Collected data entries:
* * * * * * *

lemma pos_root_proj: "pos_pt x y \<Longrightarrow> pos_root N T (proj_diag N x y)"
  unfolding pos_pt_def pos_root_def using diagonal_proj[OF N_pos] by blast

lemma neg_pts_noncrossing:
  assumes "neg_pt x y" "neg_pt u v"
  shows "\<not> (x < u \<and> u < y \<and> y < v \<and> v < x + int N)"
proof
  assume "x < u \<and> u < y \<and> y < v \<and> v < x + int N"
  then have "crosses N (proj_diag N u v) (proj_diag N x y)"
    using crosses_if_between(2)[OF N_pos] assms unfolding neg_pt_def by blast
  then show False using triangulation assms unfolding triangulation_def neg_pt_def by blast
qed

lemma pos_pt_crossed:
  assumes "pos_pt x y"
  obtains u v where "x < u" "u < y" "y < v" "v < x + int N" "neg_pt u v"
proof -
  have s: "in_strip N x y" using assms unfolding pos_pt_def by blast
  obtain e where e: "e \<in> T" "crosses N (proj_diag N x y) e"
    using triangulation assms diagonal_proj[OF N_pos s] unfolding triangulation_def pos_pt_def
    by blast
  moreover have "\<forall>z\<in>e. z < N" using diagonal_if_in_T[OF e(1)] unfolding diagonal_def by auto
  ultimately obtain u v where "x < u" "u < y" "y < v" "v < x + int N" "e = proj_diag N u v"
    using proj_crosses_iff[OF N_pos s] by blast
  then show thesis
    using that e crosses_if_between(1)[OF N_pos s] unfolding neg_pt_def by blast
qed

lemma supp_proj:
  assumes "in_strip N x y"
  shows "t \<in> supp N T (proj_diag N x y) \<longleftrightarrow>
    t \<in> T \<and> (\<exists>u v. x < u \<and> u < y \<and> y < v \<and> v < x + int N \<and> t = proj_diag N u v)"
  unfolding supp_def using crosses_proj_iff[OF N_pos assms] diagonal_if_in_T by auto

lemma neg_pt_in_supp:
  assumes "in_strip N x y" "x < u" "u < y" "y < v" "v < x + int N" "neg_pt u v"
  shows "proj_diag N u v \<in> supp N T (proj_diag N x y)"
  using supp_proj[OF assms(1)] assms unfolding neg_pt_def by blast

end

section \<open>Pivoting paths as lattice walks\<close>

lemma piv_path_single: "piv_path N T [a] \<longleftrightarrow> pos_root N T a"
  unfolding piv_path_def by auto

lemma piv_path_Cons2:
  "piv_path N T (a # b # r) \<longleftrightarrow> pos_root N T a \<and> pivot_move N a b \<and> piv_path N T (b # r)"
  unfolding piv_path_def by (auto simp: less_Suc_eq_0_disj)

definition step :: "int \<times> int \<Rightarrow> bool \<Rightarrow> int \<times> int" where
  "step P b = (if b then (fst P + 1, snd P) else (fst P, snd P + 1))"
(* Let $X$ and $Y$ be metric spaces and let $A(X)\subseteq C(X)$ and $A(Y)\subseteq C(Y)$ be adequate subspaces. If $h:\mathcal{A}X\to\mathcal{A}Y$ is a homeomorphism and $x_0\in X$, then there is a sequence $(y_n)$ in $Y$ that converges to $h(x_0)$ in $\mathcal{A}Y$.
   Context: All functions are real-valued. $A(X)\subseteq C(X)$ separates points from closed sets if for every $x\in X$ and closed $F\not\ni x$ there is $f\in A(X)$ with $f(x)=1$, $f=0$ on $F$. $A(X)$ is adequate if (a) it separates points from closed sets and contains the constants; (b) there is a continuous nondecreasing $g:\mathbb{R}\to\mathbb{R}$ with $g(t)=0$ for $t\le0$, $g(t)=1$ for $t\ge1$, and $g\circ f\in A(X)$ for all $f\in A(X)$; (c) every $f\in A(X)$ is a difference of two nonnegative elements of $A(X)$. The $A(X)$-compactification $\mathcal{A}X$ is the closure of $i(X)$ in $[-\infty,\infty]^{A(X)}$ (product of order topologies), where $i(x)(\varphi)=\varphi(x)$ is a homeomorphic embedding; $X$ is identified with $i(X)\subseteq\mathcal{A}X$. $\mathcal{A}Y$ is defined analogously from $A(Y)$. *)

theory Defs
  imports "HOL-Analysis.Analysis" "HOL-Library.Extended_Real"
begin

text \<open>A metric space X is modelled as a type of class metric_space (X = UNIV).
  C(X) is the set of real-valued continuous functions on X.\<close>

definition Cfun :: "('a::metric_space \<Rightarrow> real) set" where
  "Cfun = {f. continuous_on UNIV f}"

definition lin_subspace :: "('a \<Rightarrow> real) set \<Rightarrow> bool" where
  "lin_subspace A \<longleftrightarrow> (\<lambda>_. 0) \<in> A \<and> (\<forall>f\<in>A. \<forall>g\<in>A. (\<lambda>x. f x + g x) \<in> A)
     \<and> (\<forall>c. \<forall>f\<in>A. (\<lambda>x. c * f x) \<in> A)"

definition separates_points_closed :: "('a::metric_space \<Rightarrow> real) set \<Rightarrow> bool" where
  "separates_points_closed A \<longleftrightarrow>
     (\<forall>x F. closed F \<and> x \<notin> F \<longrightarrow> (\<exists>f\<in>A. f x = 1 \<and> (\<forall>y\<in>F. f y = 0)))"

definition adequate :: "('a::metric_space \<Rightarrow> real) set \<Rightarrow> bool" where
  "adequate A \<longleftrightarrow>
     separates_points_closed A \<and> (\<forall>c. (\<lambda>_. c) \<in> A) \<and>
     (\<exists>g::real \<Rightarrow> real. continuous_on UNIV g \<and> mono g \<and>
        (\<forall>t\<le>0. g t = 0) \<and> (\<forall>t\<ge>1. g t = 1) \<and> (\<forall>f\<in>A. g \<circ> f \<in> A)) \<and>
     (\<forall>f\<in>A. \<exists>u\<in>A. \<exists>v\<in>A. (\<forall>x. 0 \<le> u x) \<and> (\<forall>x. 0 \<le> v x) \<and> f = (\<lambda>x. u x - v x))"

text \<open>The product space [-\<infinity>,\<infinity>]^A, each factor with its order topology
  (the standard topology on ereal is its order topology).\<close>
definition cube :: "('a \<Rightarrow> real) set \<Rightarrow> (('a \<Rightarrow> real) \<Rightarrow> ereal) topology" where
  "cube A = product_topology (\<lambda>_. (euclidean :: ereal topology)) A"

definition evalmap :: "('a \<Rightarrow> real) set \<Rightarrow> 'a \<Rightarrow> (('a \<Rightarrow> real) \<Rightarrow> ereal)" where
  "evalmap A x = restrict (\<lambda>\<phi>. ereal (\<phi> x)) A"

definition cpt_set :: "('a \<Rightarrow> real) set \<Rightarrow> (('a \<Rightarrow> real) \<Rightarrow> ereal) set" where
  "cpt_set A = (cube A) closure_of (evalmap A ` UNIV)"

definition cpt :: "('a \<Rightarrow> real) set \<Rightarrow> (('a \<Rightarrow> real) \<Rightarrow> ereal) topology" where
  "cpt A = subtopology (cube A) (cpt_set A)"

end

theory Submission
  imports Defs
begin

text \<open>Since X is metric, the separation property yields functions f_m in A(X) with
  f_m(x0) = 1 that vanish off the ball of radius 1/(m+1) about x0. The closed sets
  K_n = {p. p(f_m) \<ge> 1/2 for all m \<le> n} of AX are neighbourhoods of x0, decrease, and
  meet only in x0, so in the compact space AX every sequence p_n \<in> K_n converges to x0.
  As Y is dense in AY, we may pick y_n in the open set h(U_n), where U_n \<subseteq> K_n is an open
  neighbourhood of x0; then h\<inverse>(y_n) \<in> K_n tends to x0, and by continuity y_n tends to h(x0).\<close>

lemma topspace_cube: "topspace (cube A) = PiE A (\<lambda>_. UNIV)"
  unfolding cube_def by (simp add: topspace_product_topology)

lemma cpt_set_subset_topspace_cube: "cpt_set A \<subseteq> topspace (cube A)"
  unfolding cpt_set_def by (rule closure_of_subset_topspace)

lemma topspace_cpt: "topspace (cpt A) = cpt_set A"
  unfolding cpt_def using cpt_set_subset_topspace_cube by auto

lemma evalmap_in_cpt_set: "evalmap A x \<in> cpt_set A"
proof -
  have "evalmap A ` UNIV \<subseteq> topspace (cube A)"
    unfolding topspace_cube evalmap_def by auto
  then show ?thesis unfolding cpt_set_def using closure_of_subset by blast
qed

lemma continuous_map_cube_projection:
  "\<phi> \<in> A \<Longrightarrow> continuous_map (cube A) euclidean (\<lambda>p. p \<phi>)"
  unfolding cube_def by (rule continuous_map_product_projection)

lemma continuous_map_cpt_projection:
  "\<phi> \<in> A \<Longrightarrow> continuous_map (cpt A) euclidean (\<lambda>p. p \<phi>)"
  unfolding cpt_def by (intro continuous_map_from_subtopology continuous_map_cube_projection)

lemma compact_space_cpt: "compact_space (cpt A)"
proof -
  have "compact_space (euclidean :: ereal topology)"
    by (simp add: compact_space_def compact_UNIV)
  then have "compact_space (cube A)"
    unfolding cube_def by (simp add: compact_space_product_topology)
  moreover have "closedin (cube A) (cpt_set A)"
    unfolding cpt_set_def by (rule closedin_closure_of)
  ultimately show ?thesis
    unfolding cpt_def by (intro compact_space_subtopology closedin_compact_space)
qed

lemma openin_cpt_meets_evalmap:
  assumes "openin (cpt A) U" "U \<noteq> {}"
  shows "\<exists>y. evalmap A y \<in> U"
proof -
  obtain T where T: "openin (cube A) T" "U = T \<inter> cpt_set A"
    using assms(1) unfolding cpt_def openin_subtopology by auto
  obtain p where "p \<in> T" "p \<in> cube A closure_of (evalmap A ` UNIV)"
    using assms(2) T(2) unfolding cpt_set_def by auto
  then obtain y where "evalmap A y \<in> T"
    using T(1) unfolding in_closure_of by auto
  then show ?thesis using T(2) evalmap_in_cpt_set[of A y] by auto
qed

* * * * * * *

The line with "using T(1) unfolding" and every line after it up to the end of the entries: output those exactly, and only those.

** Solution below **
    using T(1) unfolding in_closure_of by auto
  then show ?thesis using T(2) evalmap_in_cpt_set[of A y] by auto
qed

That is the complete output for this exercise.